(RECORDS TO USE):
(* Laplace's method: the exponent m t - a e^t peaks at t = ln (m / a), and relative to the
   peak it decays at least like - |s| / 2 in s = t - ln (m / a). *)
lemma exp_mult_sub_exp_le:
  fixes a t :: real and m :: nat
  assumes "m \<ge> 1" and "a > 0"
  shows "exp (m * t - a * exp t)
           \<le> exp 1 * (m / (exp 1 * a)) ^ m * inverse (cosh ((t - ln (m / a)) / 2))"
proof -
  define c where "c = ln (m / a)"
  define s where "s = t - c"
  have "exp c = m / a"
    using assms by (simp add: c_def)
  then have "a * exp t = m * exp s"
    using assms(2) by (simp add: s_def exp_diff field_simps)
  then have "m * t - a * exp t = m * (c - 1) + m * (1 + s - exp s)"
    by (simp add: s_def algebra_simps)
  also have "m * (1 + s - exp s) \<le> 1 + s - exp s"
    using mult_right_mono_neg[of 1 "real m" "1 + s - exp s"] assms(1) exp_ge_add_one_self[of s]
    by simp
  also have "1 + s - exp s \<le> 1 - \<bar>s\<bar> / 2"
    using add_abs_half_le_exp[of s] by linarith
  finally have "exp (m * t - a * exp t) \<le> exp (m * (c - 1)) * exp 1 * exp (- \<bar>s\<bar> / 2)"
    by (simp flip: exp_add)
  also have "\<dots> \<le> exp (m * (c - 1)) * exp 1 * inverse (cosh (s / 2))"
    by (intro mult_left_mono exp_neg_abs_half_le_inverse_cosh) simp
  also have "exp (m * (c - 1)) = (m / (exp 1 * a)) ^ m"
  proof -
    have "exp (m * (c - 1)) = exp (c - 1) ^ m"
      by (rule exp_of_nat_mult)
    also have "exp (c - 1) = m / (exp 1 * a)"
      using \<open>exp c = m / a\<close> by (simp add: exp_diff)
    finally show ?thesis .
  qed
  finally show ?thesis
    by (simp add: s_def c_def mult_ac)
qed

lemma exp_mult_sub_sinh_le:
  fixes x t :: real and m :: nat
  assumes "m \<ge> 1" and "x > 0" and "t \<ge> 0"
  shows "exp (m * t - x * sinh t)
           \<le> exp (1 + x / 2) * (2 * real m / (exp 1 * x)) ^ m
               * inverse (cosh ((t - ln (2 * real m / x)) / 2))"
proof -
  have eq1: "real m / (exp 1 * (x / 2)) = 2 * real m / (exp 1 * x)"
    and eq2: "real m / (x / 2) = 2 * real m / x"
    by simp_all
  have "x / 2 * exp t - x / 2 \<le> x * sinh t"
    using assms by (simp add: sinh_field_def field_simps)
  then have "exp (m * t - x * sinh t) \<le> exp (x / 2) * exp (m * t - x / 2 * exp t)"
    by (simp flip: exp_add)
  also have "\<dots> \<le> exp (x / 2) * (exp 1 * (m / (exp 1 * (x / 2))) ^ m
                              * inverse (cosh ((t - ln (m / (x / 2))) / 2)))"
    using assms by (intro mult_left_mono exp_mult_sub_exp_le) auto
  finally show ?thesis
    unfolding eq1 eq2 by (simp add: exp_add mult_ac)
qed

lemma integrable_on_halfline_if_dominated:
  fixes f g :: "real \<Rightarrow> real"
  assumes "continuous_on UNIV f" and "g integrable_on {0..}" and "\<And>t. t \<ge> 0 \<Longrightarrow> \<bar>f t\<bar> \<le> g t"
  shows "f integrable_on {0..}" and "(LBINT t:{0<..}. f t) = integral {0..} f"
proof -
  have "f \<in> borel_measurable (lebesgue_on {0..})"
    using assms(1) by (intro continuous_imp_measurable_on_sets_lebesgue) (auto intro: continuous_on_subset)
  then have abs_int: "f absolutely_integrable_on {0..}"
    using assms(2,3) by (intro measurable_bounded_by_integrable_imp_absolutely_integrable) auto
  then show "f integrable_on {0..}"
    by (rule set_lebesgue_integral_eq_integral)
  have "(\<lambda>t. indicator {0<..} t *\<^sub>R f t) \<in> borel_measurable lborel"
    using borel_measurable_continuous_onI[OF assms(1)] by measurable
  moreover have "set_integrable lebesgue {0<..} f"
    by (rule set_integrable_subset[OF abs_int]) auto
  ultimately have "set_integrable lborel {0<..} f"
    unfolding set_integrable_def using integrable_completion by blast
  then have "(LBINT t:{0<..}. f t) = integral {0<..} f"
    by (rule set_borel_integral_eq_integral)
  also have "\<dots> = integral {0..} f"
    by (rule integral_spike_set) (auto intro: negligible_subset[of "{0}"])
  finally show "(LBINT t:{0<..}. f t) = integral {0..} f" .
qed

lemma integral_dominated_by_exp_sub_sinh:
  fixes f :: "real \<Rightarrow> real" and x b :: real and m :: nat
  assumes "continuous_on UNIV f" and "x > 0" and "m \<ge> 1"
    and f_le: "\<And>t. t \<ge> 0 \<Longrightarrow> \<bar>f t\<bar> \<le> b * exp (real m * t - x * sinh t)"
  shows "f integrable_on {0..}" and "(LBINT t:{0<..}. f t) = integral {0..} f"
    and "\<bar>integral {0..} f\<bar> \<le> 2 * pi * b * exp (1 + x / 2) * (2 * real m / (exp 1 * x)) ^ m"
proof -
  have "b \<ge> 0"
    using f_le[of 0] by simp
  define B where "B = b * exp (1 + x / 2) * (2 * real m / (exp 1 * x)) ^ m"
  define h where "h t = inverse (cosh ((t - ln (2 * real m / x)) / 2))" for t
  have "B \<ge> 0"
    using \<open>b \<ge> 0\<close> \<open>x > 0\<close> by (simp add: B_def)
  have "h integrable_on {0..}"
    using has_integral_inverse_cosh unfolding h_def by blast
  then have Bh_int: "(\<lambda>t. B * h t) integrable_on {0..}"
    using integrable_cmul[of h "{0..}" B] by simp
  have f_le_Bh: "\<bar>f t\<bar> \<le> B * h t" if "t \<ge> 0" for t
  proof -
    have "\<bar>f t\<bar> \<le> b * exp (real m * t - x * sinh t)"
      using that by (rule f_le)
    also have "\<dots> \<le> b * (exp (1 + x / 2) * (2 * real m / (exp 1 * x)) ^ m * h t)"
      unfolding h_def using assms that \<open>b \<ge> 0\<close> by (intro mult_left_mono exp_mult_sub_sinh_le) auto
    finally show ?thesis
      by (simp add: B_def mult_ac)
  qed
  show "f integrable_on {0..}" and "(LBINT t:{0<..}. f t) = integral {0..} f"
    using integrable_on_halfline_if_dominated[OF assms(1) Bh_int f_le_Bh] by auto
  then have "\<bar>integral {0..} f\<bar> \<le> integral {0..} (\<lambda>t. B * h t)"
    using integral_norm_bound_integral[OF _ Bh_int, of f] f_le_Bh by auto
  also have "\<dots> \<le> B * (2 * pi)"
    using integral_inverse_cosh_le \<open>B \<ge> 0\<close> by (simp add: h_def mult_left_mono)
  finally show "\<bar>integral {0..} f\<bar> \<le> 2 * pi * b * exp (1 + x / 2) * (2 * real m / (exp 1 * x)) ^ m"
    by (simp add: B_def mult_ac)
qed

(EXERCISE REQUIREMENTS):
Each line from the top of the material above through the line with "by (intro mult_left_mono exp_neg_abs_half_le_inverse_cosh)" must be echoed exactly, and no other line.

(TASK RESPONSE):
(* Laplace's method: the exponent m t - a e^t peaks at t = ln (m / a), and relative to the
   peak it decays at least like - |s| / 2 in s = t - ln (m / a). *)
lemma exp_mult_sub_exp_le:
  fixes a t :: real and m :: nat
  assumes "m \<ge> 1" and "a > 0"
  shows "exp (m * t - a * exp t)
           \<le> exp 1 * (m / (exp 1 * a)) ^ m * inverse (cosh ((t - ln (m / a)) / 2))"
proof -
  define c where "c = ln (m / a)"
  define s where "s = t - c"
  have "exp c = m / a"
    using assms by (simp add: c_def)
  then have "a * exp t = m * exp s"
    using assms(2) by (simp add: s_def exp_diff field_simps)
  then have "m * t - a * exp t = m * (c - 1) + m * (1 + s - exp s)"
    by (simp add: s_def algebra_simps)
  also have "m * (1 + s - exp s) \<le> 1 + s - exp s"
    using mult_right_mono_neg[of 1 "real m" "1 + s - exp s"] assms(1) exp_ge_add_one_self[of s]
    by simp
  also have "1 + s - exp s \<le> 1 - \<bar>s\<bar> / 2"
    using add_abs_half_le_exp[of s] by linarith
  finally have "exp (m * t - a * exp t) \<le> exp (m * (c - 1)) * exp 1 * exp (- \<bar>s\<bar> / 2)"
    by (simp flip: exp_add)
  also have "\<dots> \<le> exp (m * (c - 1)) * exp 1 * inverse (cosh (s / 2))"
    by (intro mult_left_mono exp_neg_abs_half_le_inverse_cosh) simp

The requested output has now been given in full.